BEGIN RECORDS

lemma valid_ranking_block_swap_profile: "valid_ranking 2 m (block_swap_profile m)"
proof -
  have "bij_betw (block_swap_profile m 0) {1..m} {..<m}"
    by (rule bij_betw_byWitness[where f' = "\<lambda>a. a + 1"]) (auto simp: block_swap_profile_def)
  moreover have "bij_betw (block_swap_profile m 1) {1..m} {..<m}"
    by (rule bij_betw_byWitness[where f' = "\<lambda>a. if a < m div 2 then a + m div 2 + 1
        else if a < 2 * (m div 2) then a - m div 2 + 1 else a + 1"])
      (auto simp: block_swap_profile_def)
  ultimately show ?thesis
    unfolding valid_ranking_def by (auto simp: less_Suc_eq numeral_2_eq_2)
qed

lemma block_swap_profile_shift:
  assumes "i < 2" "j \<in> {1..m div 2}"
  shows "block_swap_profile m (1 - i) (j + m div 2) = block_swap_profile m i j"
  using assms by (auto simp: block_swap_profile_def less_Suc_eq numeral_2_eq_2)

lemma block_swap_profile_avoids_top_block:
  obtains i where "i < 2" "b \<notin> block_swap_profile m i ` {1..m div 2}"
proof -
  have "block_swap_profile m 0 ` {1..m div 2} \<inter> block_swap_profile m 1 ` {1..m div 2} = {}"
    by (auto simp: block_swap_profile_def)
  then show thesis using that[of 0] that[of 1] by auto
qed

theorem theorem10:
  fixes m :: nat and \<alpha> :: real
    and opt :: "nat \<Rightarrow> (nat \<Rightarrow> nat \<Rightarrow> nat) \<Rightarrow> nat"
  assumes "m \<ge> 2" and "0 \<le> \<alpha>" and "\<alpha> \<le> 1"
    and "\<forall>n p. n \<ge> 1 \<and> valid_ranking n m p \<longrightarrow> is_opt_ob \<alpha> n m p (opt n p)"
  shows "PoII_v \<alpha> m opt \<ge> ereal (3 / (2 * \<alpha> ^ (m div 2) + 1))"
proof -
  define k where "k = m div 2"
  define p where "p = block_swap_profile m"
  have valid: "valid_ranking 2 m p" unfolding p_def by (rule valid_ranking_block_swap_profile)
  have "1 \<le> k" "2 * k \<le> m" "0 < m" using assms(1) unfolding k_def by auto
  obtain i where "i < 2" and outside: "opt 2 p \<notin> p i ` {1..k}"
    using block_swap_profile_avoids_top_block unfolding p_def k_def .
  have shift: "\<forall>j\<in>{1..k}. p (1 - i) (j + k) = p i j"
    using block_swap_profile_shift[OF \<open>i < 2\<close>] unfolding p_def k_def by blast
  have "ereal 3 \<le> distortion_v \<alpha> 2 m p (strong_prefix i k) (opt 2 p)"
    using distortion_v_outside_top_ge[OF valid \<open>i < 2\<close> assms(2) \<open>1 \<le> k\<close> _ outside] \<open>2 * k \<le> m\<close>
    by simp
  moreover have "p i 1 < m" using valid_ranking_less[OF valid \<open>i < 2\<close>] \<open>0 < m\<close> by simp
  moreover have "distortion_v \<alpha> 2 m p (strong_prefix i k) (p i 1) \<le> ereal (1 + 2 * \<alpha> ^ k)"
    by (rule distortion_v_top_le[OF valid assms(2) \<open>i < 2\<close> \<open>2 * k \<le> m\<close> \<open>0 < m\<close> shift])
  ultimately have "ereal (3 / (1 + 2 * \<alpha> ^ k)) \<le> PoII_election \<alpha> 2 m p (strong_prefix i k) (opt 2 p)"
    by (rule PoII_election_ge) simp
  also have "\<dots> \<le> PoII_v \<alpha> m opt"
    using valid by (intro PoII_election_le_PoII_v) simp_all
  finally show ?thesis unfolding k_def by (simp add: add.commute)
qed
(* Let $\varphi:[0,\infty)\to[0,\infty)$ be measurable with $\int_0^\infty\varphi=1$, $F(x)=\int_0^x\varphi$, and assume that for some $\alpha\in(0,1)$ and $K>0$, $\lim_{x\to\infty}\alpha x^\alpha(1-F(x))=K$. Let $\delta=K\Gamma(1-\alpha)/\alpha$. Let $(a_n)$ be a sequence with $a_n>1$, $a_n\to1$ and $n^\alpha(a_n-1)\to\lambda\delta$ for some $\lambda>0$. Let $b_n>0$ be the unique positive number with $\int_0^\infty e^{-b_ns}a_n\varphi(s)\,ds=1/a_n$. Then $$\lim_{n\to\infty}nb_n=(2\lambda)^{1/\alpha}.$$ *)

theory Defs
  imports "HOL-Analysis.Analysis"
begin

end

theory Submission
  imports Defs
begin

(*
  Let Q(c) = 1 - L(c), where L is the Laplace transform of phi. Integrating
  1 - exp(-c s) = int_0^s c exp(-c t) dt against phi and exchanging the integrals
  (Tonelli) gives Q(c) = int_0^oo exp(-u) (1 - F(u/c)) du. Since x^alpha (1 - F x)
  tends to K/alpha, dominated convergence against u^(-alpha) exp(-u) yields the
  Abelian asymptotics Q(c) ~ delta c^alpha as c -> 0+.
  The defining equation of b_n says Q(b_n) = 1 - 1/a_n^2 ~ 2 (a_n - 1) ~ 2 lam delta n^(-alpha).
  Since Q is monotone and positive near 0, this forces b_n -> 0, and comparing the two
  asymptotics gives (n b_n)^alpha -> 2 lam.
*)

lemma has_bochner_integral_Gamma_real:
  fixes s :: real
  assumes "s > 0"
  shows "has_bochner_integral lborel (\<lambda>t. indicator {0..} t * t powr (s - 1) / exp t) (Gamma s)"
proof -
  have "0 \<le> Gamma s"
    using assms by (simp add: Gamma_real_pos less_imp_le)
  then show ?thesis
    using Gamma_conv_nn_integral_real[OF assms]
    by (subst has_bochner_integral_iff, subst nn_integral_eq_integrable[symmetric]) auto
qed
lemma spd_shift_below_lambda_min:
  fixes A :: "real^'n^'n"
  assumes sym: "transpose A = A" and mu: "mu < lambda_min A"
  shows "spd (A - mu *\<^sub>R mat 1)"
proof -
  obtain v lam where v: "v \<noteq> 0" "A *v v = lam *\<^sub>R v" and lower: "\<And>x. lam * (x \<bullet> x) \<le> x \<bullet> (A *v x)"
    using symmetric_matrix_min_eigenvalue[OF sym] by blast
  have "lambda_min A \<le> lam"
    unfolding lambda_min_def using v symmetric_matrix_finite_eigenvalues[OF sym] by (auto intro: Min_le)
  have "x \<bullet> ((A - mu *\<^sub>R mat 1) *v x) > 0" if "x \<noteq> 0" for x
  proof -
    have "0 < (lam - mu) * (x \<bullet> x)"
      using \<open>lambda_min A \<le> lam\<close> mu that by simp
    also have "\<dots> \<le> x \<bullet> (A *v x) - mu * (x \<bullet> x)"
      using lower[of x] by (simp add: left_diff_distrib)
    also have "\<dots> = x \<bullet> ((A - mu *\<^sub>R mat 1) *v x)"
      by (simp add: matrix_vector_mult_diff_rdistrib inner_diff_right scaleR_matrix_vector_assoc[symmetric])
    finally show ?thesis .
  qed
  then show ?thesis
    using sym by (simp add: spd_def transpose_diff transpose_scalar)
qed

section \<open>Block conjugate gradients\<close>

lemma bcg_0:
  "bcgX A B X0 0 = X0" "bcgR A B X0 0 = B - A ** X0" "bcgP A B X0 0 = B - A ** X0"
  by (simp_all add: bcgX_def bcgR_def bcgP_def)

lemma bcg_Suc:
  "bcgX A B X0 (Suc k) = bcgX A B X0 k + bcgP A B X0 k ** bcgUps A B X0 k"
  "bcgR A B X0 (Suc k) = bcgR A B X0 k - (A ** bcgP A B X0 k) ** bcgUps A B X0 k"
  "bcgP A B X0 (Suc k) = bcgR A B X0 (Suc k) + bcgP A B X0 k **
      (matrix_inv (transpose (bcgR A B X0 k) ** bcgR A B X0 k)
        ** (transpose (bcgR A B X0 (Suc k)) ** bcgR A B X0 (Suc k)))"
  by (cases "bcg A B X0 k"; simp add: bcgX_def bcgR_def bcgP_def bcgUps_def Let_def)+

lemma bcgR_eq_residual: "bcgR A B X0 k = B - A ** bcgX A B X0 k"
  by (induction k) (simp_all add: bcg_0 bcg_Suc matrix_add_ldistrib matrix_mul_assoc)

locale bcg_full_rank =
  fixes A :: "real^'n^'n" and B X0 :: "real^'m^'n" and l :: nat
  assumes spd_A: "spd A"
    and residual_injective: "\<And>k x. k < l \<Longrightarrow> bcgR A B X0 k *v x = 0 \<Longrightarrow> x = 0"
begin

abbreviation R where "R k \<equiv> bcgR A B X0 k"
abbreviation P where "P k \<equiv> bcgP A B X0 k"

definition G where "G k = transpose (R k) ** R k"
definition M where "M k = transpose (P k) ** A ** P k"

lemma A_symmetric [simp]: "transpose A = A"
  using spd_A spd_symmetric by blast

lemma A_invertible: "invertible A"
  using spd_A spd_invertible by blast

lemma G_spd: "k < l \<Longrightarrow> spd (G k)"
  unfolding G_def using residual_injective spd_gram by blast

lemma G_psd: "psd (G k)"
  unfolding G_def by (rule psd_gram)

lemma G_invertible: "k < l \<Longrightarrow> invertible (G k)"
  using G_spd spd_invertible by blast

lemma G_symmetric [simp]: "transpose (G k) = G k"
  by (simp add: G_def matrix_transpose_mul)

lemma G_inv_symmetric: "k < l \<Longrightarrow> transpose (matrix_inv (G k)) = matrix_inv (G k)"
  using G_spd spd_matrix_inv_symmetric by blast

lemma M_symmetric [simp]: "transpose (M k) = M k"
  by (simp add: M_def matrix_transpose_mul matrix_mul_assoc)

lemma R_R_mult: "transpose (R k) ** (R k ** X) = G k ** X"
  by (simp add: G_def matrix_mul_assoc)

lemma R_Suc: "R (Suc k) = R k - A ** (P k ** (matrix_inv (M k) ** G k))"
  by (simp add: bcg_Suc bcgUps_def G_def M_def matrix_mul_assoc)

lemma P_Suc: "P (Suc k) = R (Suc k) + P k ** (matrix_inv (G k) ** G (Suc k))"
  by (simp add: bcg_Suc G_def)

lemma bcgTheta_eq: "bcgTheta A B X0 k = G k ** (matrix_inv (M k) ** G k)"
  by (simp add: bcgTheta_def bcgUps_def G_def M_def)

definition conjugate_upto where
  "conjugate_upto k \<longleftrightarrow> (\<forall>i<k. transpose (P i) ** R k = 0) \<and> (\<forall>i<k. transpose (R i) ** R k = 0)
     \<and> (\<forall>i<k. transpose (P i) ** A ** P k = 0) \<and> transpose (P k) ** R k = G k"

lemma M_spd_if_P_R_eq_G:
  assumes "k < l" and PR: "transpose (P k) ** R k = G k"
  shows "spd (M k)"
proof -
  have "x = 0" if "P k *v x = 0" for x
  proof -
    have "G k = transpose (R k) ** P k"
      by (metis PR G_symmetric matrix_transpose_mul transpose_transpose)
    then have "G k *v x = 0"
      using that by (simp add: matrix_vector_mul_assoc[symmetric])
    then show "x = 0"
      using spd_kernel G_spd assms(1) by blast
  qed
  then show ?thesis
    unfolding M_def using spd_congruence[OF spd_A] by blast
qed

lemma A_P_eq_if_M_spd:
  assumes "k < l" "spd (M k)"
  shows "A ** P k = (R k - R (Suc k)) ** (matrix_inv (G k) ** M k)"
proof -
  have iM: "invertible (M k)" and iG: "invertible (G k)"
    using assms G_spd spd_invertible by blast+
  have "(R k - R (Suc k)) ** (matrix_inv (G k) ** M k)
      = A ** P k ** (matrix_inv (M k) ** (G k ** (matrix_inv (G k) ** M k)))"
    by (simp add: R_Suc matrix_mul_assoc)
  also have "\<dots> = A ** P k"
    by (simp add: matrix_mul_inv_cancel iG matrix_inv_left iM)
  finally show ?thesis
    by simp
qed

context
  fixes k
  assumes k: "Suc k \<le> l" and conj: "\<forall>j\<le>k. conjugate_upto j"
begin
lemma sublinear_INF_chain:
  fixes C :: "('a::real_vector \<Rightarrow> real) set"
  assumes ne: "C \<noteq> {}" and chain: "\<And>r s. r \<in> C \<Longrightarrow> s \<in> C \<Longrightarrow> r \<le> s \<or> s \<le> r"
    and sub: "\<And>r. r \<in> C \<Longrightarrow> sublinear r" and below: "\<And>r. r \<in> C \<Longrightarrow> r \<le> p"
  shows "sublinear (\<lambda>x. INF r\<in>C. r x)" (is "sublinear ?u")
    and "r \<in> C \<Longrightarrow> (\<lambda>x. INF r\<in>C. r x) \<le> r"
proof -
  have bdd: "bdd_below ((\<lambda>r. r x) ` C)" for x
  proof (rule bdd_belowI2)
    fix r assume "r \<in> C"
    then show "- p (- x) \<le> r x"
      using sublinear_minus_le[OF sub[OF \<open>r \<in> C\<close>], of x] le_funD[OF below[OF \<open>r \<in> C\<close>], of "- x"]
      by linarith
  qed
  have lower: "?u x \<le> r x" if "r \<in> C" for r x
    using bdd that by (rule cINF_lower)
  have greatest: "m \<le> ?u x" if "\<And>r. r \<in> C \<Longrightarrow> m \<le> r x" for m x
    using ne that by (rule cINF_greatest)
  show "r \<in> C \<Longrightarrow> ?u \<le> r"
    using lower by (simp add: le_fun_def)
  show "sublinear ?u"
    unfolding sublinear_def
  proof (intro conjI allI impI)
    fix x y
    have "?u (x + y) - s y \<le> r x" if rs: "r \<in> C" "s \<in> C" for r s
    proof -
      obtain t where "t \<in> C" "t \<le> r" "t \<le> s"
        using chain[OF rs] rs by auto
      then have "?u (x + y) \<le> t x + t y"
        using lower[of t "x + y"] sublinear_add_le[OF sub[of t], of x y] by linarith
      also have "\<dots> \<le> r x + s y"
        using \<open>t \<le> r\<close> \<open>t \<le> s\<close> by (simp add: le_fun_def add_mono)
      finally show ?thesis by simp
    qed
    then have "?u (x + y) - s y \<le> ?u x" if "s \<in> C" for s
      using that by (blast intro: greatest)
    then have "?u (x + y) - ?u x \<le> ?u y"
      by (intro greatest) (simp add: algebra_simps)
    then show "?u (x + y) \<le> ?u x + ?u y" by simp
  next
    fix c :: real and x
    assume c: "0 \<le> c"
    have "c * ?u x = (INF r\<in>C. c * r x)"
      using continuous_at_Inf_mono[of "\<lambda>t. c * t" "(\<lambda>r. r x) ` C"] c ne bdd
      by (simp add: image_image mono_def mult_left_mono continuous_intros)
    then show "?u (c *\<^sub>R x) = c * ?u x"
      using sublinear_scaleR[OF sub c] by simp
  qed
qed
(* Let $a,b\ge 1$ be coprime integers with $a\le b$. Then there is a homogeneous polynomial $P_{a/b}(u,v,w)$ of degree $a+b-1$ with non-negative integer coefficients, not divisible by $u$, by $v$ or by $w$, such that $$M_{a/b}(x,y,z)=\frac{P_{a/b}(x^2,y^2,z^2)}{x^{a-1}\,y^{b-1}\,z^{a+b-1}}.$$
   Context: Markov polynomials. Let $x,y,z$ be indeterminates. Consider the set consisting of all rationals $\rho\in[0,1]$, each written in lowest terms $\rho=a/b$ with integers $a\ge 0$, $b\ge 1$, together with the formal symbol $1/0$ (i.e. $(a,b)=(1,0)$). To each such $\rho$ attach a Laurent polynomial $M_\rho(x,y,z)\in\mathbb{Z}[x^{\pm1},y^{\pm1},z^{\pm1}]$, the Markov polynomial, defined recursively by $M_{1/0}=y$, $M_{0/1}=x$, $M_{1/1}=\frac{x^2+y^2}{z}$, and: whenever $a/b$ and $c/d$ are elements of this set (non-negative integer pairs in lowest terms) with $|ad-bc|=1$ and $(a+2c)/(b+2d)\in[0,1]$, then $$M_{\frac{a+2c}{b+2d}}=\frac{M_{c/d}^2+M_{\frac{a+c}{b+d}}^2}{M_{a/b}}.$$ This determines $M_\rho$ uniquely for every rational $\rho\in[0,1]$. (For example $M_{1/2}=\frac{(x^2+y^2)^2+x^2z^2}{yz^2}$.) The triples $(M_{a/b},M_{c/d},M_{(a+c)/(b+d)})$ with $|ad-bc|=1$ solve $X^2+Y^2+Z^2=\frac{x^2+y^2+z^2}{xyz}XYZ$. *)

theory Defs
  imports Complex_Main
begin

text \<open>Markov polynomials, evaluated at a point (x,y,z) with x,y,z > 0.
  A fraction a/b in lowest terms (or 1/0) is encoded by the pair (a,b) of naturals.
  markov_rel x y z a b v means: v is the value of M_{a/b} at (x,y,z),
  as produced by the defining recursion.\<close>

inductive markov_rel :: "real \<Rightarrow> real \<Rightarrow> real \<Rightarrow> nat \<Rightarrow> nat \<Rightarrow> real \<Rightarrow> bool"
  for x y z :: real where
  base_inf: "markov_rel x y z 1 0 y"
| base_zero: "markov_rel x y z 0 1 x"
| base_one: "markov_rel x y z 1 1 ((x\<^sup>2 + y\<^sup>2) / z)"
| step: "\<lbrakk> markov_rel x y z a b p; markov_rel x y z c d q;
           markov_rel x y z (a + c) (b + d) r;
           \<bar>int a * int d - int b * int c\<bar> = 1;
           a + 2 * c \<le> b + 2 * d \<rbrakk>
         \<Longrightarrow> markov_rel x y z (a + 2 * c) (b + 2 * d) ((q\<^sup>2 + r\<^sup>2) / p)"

END RECORDS

Output must consist only of the listing's lines from the first through the line with "p (1 - i) (j + k)", reproduced word for word.

lemma valid_ranking_block_swap_profile: "valid_ranking 2 m (block_swap_profile m)"
proof -
  have "bij_betw (block_swap_profile m 0) {1..m} {..<m}"
    by (rule bij_betw_byWitness[where f' = "\<lambda>a. a + 1"]) (auto simp: block_swap_profile_def)
  moreover have "bij_betw (block_swap_profile m 1) {1..m} {..<m}"
    by (rule bij_betw_byWitness[where f' = "\<lambda>a. if a < m div 2 then a + m div 2 + 1
        else if a < 2 * (m div 2) then a - m div 2 + 1 else a + 1"])
      (auto simp: block_swap_profile_def)
  ultimately show ?thesis
    unfolding valid_ranking_def by (auto simp: less_Suc_eq numeral_2_eq_2)
qed

lemma block_swap_profile_shift:
  assumes "i < 2" "j \<in> {1..m div 2}"
  shows "block_swap_profile m (1 - i) (j + m div 2) = block_swap_profile m i j"
  using assms by (auto simp: block_swap_profile_def less_Suc_eq numeral_2_eq_2)

lemma block_swap_profile_avoids_top_block:
  obtains i where "i < 2" "b \<notin> block_swap_profile m i ` {1..m div 2}"
proof -
  have "block_swap_profile m 0 ` {1..m div 2} \<inter> block_swap_profile m 1 ` {1..m div 2} = {}"
    by (auto simp: block_swap_profile_def)
  then show thesis using that[of 0] that[of 1] by auto
qed

theorem theorem10:
  fixes m :: nat and \<alpha> :: real
    and opt :: "nat \<Rightarrow> (nat \<Rightarrow> nat \<Rightarrow> nat) \<Rightarrow> nat"
  assumes "m \<ge> 2" and "0 \<le> \<alpha>" and "\<alpha> \<le> 1"
    and "\<forall>n p. n \<ge> 1 \<and> valid_ranking n m p \<longrightarrow> is_opt_ob \<alpha> n m p (opt n p)"
  shows "PoII_v \<alpha> m opt \<ge> ereal (3 / (2 * \<alpha> ^ (m div 2) + 1))"
proof -
  define k where "k = m div 2"
  define p where "p = block_swap_profile m"
  have valid: "valid_ranking 2 m p" unfolding p_def by (rule valid_ranking_block_swap_profile)
  have "1 \<le> k" "2 * k \<le> m" "0 < m" using assms(1) unfolding k_def by auto
  obtain i where "i < 2" and outside: "opt 2 p \<notin> p i ` {1..k}"
    using block_swap_profile_avoids_top_block unfolding p_def k_def .
  have shift: "\<forall>j\<in>{1..k}. p (1 - i) (j + k) = p i j"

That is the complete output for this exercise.